The trouble I have is that I know the only gun that really matters – the power of The Great Physician. And I know He only needs one bullet. So understanding why He is asking me to wait is what I cannot understand.
I know you’ve told me I’m inspiring; that I have great faith. But I don’t. My faith is so very, very weak. So very, very small. I am so tired and can’t find one inspirational thing to say. I have cried an ocean of tears today, over the last several days. I am worn out. I am discouraged.
This is what I feel:
I cried out to God for help;
I cried out to God to hear me.
When I was in distress, I sought the Lord;
at night I stretched out untiring hands
and my soul refused to be comforted.
I remembered you, O God, and I groaned;
I mused, and my spirit grew faint.
You kept my eyes from closing; I was too troubled to speak.

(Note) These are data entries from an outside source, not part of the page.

(* Consider a single-item auction setting with a feature space $\mathcal{Z}$, $n$ buyers each with unit demand and a single seller with supply $\lambda > 0$ and cost $c = 0$. Conditioned on each feature vector $z$, the buyers' bids $b_1,\dots,b_n$ are independent with $b_i \sim F_i^z$. For a pricing policy $p:\mathcal{Z}\to\mathbb{R}$ the clearing loss is $$\ell^c(p,z,\mathbf{b},c) = \sum_{i=1}^n \max\{b_i - p(z),0\} + \lambda \max\{p(z)-c,0\}.$$ Let $p$ be the pricing policy minimizing the expected clearing loss (i.e., for each $z$, $p(z)$ solves $\sum_{i=1}^n (1-F_i^z(p(z))) = \lambda$). Then the expected match rate under $p$ is at least $1-e^{-\lambda}$, where the match rate at price $p$ on a data point is ${\sf MR}(p) = \mathbf{1}[b^{(1)} \ge \max\{p,c\}]$ with $b^{(1)} = \max_i b_i$ the highest bid.
   Context: $\mathbf{1}[\cdot]$ is the indicator function. The match rate is the indicator that the item is sold in a second-price auction with reserve price $\max\{p,c\}$. *)

theory Defs
  imports "HOL-Probability.Probability"
begin

definition match_rate :: "real \<Rightarrow> real \<Rightarrow> nat \<Rightarrow> (nat \<Rightarrow> real) \<Rightarrow> real" where
  "match_rate p c n b = (if max p c \<le> Max (b ` {..<n}) then 1 else 0)"

definition clearing_loss :: "real \<Rightarrow> real \<Rightarrow> nat \<Rightarrow> (nat \<Rightarrow> real) \<Rightarrow> real \<Rightarrow> real" where
  "clearing_loss lam pz n b c = (\<Sum>i<n. max (b i - pz) 0) + lam * max (pz - c) 0"

end

theory Submission
  imports Defs
begin

(* For a fixed feature vector z the item stays unsold iff every bid lies below the reserve
   max (p z) 0. Bids are independent and nonnegative, so this has probability at most
   \<Prod>i. F_i(p z) = \<Prod>i. (1 - (1 - F_i(p z))), and 1 - x \<le> exp (- x) bounds the product by
   exp (- \<Sum>i. (1 - F_i(p z))) = exp (- lam). *)

lemma borel_measurable_match_rate[measurable]:
  assumes [measurable]: "q \<in> borel_measurable M" "c \<in> borel_measurable M"
    and [measurable]: "b \<in> M \<rightarrow>\<^sub>M PiM {..<n} (\<lambda>_. borel)"
  shows "(\<lambda>x. match_rate (q x) (c x) n (b x)) \<in> borel_measurable M"
  unfolding match_rate_def by measurable

lemma match_rate_eq_indicator_PiE:
  assumes "n \<ge> 1" "b \<in> extensional {..<n}"
  shows "match_rate q c n b = 1 - indicator (Pi\<^sub>E {..<n} (\<lambda>_. {..<max q c})) b"
proof -
  have "max q c \<le> Max (b ` {..<n}) \<longleftrightarrow> (\<exists>i<n. max q c \<le> b i)"
    using assms(1) by (subst Max_ge_iff) (auto simp: lessThan_empty_iff)
  then show ?thesis
    using assms(2) by (auto simp: match_rate_def indicator_def PiE_iff not_less)
qed

lemma integral_match_rate_PiM:
  fixes F :: "nat \<Rightarrow> real measure"
  assumes "n \<ge> 1"
    and prob: "\<And>i. i < n \<Longrightarrow> prob_space (F i)"
    and sets: "\<And>i. i < n \<Longrightarrow> sets (F i) = sets borel"
  shows "(\<integral>b. match_rate q c n b \<partial>PiM {..<n} F) = 1 - (\<Prod>i<n. measure (F i) {..<max q c})"
proof -
  let ?M = "PiM {..<n} F" and ?E = "Pi\<^sub>E {..<n} (\<lambda>_. {..<max q c})"
  interpret M: prob_space ?M
    using prob by (intro prob_space_PiM) auto
  have E: "?E \<in> sets ?M"
    using sets by (intro sets_PiM_I_finite) auto
  have "prod_emb {..<n} F {..<n} ?E = ?E"
    by (rule prod_emb_PiE_same_index) (simp add: sets_eq_imp_space_eq[OF sets])
  then have "emeasure ?M ?E = (\<Prod>i<n. emeasure (F i) {..<max q c})"
    using emeasure_PiM_emb[of "{..<n}" F "{..<n}" "\<lambda>_. {..<max q c}"] prob sets by simp
  then have measure_E: "measure ?M ?E = (\<Prod>i<n. measure (F i) {..<max q c})"
    using prob by (simp add: M.emeasure_eq_measure prob_space.measure_le_1 prob_space_def
        finite_measure.emeasure_eq_measure prod_ennreal prod_nonneg)
  have "(\<integral>b. match_rate q c n b \<partial>?M) = (\<integral>b. 1 - indicator ?E b \<partial>?M)"
    using assms(1)
    by (intro Bochner_Integration.integral_cong refl) (simp add: match_rate_eq_indicator_PiE space_PiM PiE_def)
  also have "\<dots> = 1 - measure ?M ?E"
    using E by (subst Bochner_Integration.integral_diff) (auto simp: M.emeasure_eq_measure M.prob_space)
  finally show ?thesis
    unfolding measure_E .
qed

lemma measure_lessThan_max_zero_le_cdf:
  fixes M :: "real measure"
  assumes "finite_measure M" "sets M = sets borel" "AE x in M. 0 \<le> x"
  shows "measure M {..<max q 0} \<le> cdf M q"
proof (cases "0 \<le> q")
  case True
  have "measure M {..<q} \<le> measure M {..q}"
    by (rule finite_measure.finite_measure_mono[OF assms(1)]) (auto simp: assms(2))
  with True show ?thesis
    by (simp add: cdf_def)
next
  case False
  have "{..<0} \<in> null_sets M"
    using AE_iff_null_sets[of "{..<0}" M] assms(2,3) by (simp add: not_less)
  then have "measure M {..<0} = 0"
    by (simp add: measure_def null_setsD1)
  with False show ?thesis
    by (simp add: cdf_def)
qed

lemma prod_one_minus_le_exp_neg_sum:
  fixes x :: "'a \<Rightarrow> real"
  assumes "\<And>i. i \<in> I \<Longrightarrow> x i \<le> 1"
  shows "(\<Prod>i\<in>I. 1 - x i) \<le> exp (- sum x I)"
proof (cases "finite I")
  case True
  have "(\<Prod>i\<in>I. 1 - x i) \<le> (\<Prod>i\<in>I. exp (- x i))"
    using assms by (intro prod_mono) (auto simp: exp_ge_add_one_self[of "- x _", simplified])
  also have "\<dots> = exp (- sum x I)"
    using True by (simp add: exp_sum sum_negf[symmetric])
  finally show ?thesis .
qed simp

lemma borel_measurable_integral_subprob_algebra2:
  fixes f :: "'a \<Rightarrow> 'b \<Rightarrow> real"
  assumes f[measurable]: "(\<lambda>(x, y). f x y) \<in> borel_measurable (M \<Otimes>\<^sub>M N)"
    and L[measurable]: "L \<in> M \<rightarrow>\<^sub>M subprob_algebra N"
    and nonneg: "\<And>x y. 0 \<le> f x y"
  shows "(\<lambda>x. \<integral>y. f x y \<partial>L x) \<in> borel_measurable M"
proof -
  have "(\<lambda>x. \<integral>\<^sup>+ y. ennreal (f x y) \<partial>L x) \<in> borel_measurable M"
    by (rule nn_integral_measurable_subprob_algebra2[OF _ L]) measurable
  then have nn_integral: "(\<lambda>x. enn2real (\<integral>\<^sup>+ y. ennreal (f x y) \<partial>L x)) \<in> borel_measurable M"
    by measurable
  have "(\<integral>y. f x y \<partial>L x) = enn2real (\<integral>\<^sup>+ y. ennreal (f x y) \<partial>L x)" if "x \<in> space M" for x
  proof -
    have "sets (L x) = sets N"
      using measurable_space[OF L that] by (simp add: space_subprob_algebra)
    from measurable_cong_sets[OF this refl[of "sets (borel :: real measure)"]]
    have "f x \<in> borel_measurable (L x)"
      using measurable_Pair2[OF f that] by simp
    then show ?thesis
      by (simp add: integral_eq_nn_integral nonneg)
  qed
  then show ?thesis
    by (rule measurable_cong[THEN iffD2, OF _ nn_integral])
qed

lemma integral_match_rate_PiM_ge:
  fixes F :: "nat \<Rightarrow> real measure"
  assumes "n \<ge> 1"
    and prob: "\<And>i. i < n \<Longrightarrow> prob_space (F i)"
    and sets: "\<And>i. i < n \<Longrightarrow> sets (F i) = sets borel"
    and nonneg: "\<And>i. i < n \<Longrightarrow> AE x in F i. 0 \<le> x"
    and clearing: "(\<Sum>i<n. 1 - cdf (F i) q) = lam"
  shows "1 - exp (- lam) \<le> (\<integral>b. match_rate q 0 n b \<partial>PiM {..<n} F)"
proof -
  have "(\<Prod>i<n. measure (F i) {..<max q 0}) \<le> (\<Prod>i<n. 1 - (1 - cdf (F i) q))"
    using prob sets nonneg
    by (intro prod_mono) (simp add: measure_lessThan_max_zero_le_cdf prob_space_def)
  also have "\<dots> \<le> exp (- lam)"
    unfolding clearing[symmetric] by (rule prod_one_minus_le_exp_neg_sum) (simp add: cdf_def)
  finally show ?thesis
    using assms(1) prob sets by (simp add: integral_match_rate_PiM)
qed

theorem mainTheorem2:
  fixes Z :: "'z measure"
    and F :: "'z \<Rightarrow> nat \<Rightarrow> real measure"
    and p :: "'z \<Rightarrow> real"
    and n :: nat
    and lam :: real
  assumes "prob_space Z"
    and "n \<ge> 1"
    and "lam > 0"
    and "\<And>z i. z \<in> space Z \<Longrightarrow> i < n \<Longrightarrow> prob_space (F z i)"
    and "\<And>z i. z \<in> space Z \<Longrightarrow> i < n \<Longrightarrow> sets (F z i) = sets borel"
    and "\<And>z i. z \<in> space Z \<Longrightarrow> i < n \<Longrightarrow> AE x in F z i. 0 \<le> x"
    and "(\<lambda>z. PiM {..<n} (F z)) \<in> Z \<rightarrow>\<^sub>M subprob_algebra (PiM {..<n} (\<lambda>_. borel))"
    and "p \<in> borel_measurable Z"
    and "\<And>z. z \<in> space Z \<Longrightarrow> (\<Sum>i<n. 1 - cdf (F z i) (p z)) = lam"
  shows "1 - exp (- lam) \<le>
           (\<integral>z. (\<integral>b. match_rate (p z) 0 n b \<partial>(PiM {..<n} (F z))) \<partial>Z)"
proof -
  interpret Z: prob_space Z by fact
  note [measurable] = assms(8)
  define g where "g z = (\<integral>b. match_rate (p z) 0 n b \<partial>(PiM {..<n} (F z)))" for z
  have lower: "1 - exp (- lam) \<le> g z" if "z \<in> space Z" for z
    unfolding g_def using assms(2,4-6,9) that by (intro integral_match_rate_PiM_ge) auto
  have upper: "g z \<le> 1" if "z \<in> space Z" for z
    unfolding g_def using assms(2,4,5) that
    by (subst integral_match_rate_PiM) (auto intro!: prod_nonneg)
  have "(\<lambda>(z, b). match_rate (p z) 0 n b) \<in> borel_measurable (Z \<Otimes>\<^sub>M PiM {..<n} (\<lambda>_. borel))"
    unfolding case_prod_beta by measurable
  then have "g \<in> borel_measurable Z"
    unfolding g_def[abs_def]
    by (rule borel_measurable_integral_subprob_algebra2[OF _ assms(7)]) (simp add: match_rate_def)
  moreover have "norm (g z) \<le> 1" if "z \<in> space Z" for z
  proof -
    have "exp (- lam) < 1"
      using \<open>lam > 0\<close> by simp
    with lower[OF that] upper[OF that] show ?thesis
      unfolding real_norm_def by arith
  qed
  ultimately have "integrable Z g"
    by (intro Z.integrable_const_bound[where B=1] AE_I2)
  then show ?thesis
    using lower unfolding g_def by (intro Z.integral_ge_const AE_I2)
qed

end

I thought about the former days, the years of long ago;
I remembered my songs in the night.
My heart mused and my spirit inquired:
Will the Lord reject forever?
Will he never show his favor again?
Has his unfailing love vanished forever?
Has his promise failed for all time?
Has God forgotten to be merciful?
Has he in anger withheld his compassion?
So now I go to pick up my boys from school. I will take them out for a special treat to celebrate the last day of school. I will hide my anguish as best I can and attempt to be happy, to be content, to trust, to wait. It is such a battle. And I am so tired of the battle. So very, very tired. But I must battle, for them, for my precious, precious boys.
come and take us home soon. This world is not home. I need you. I need you so much. Lord, don’t be still. Show your power to save, to restore. Show the power of prayer, of so many, many prayers. Forgive my weakness, my pitiful faith. Thank you for understanding – for experiencing this same feeling, the feeling of God being so far off. I cling to you and know you know what I feel.
I love you, Jesus. I know you love me, God, and I am trying, trying to trust you.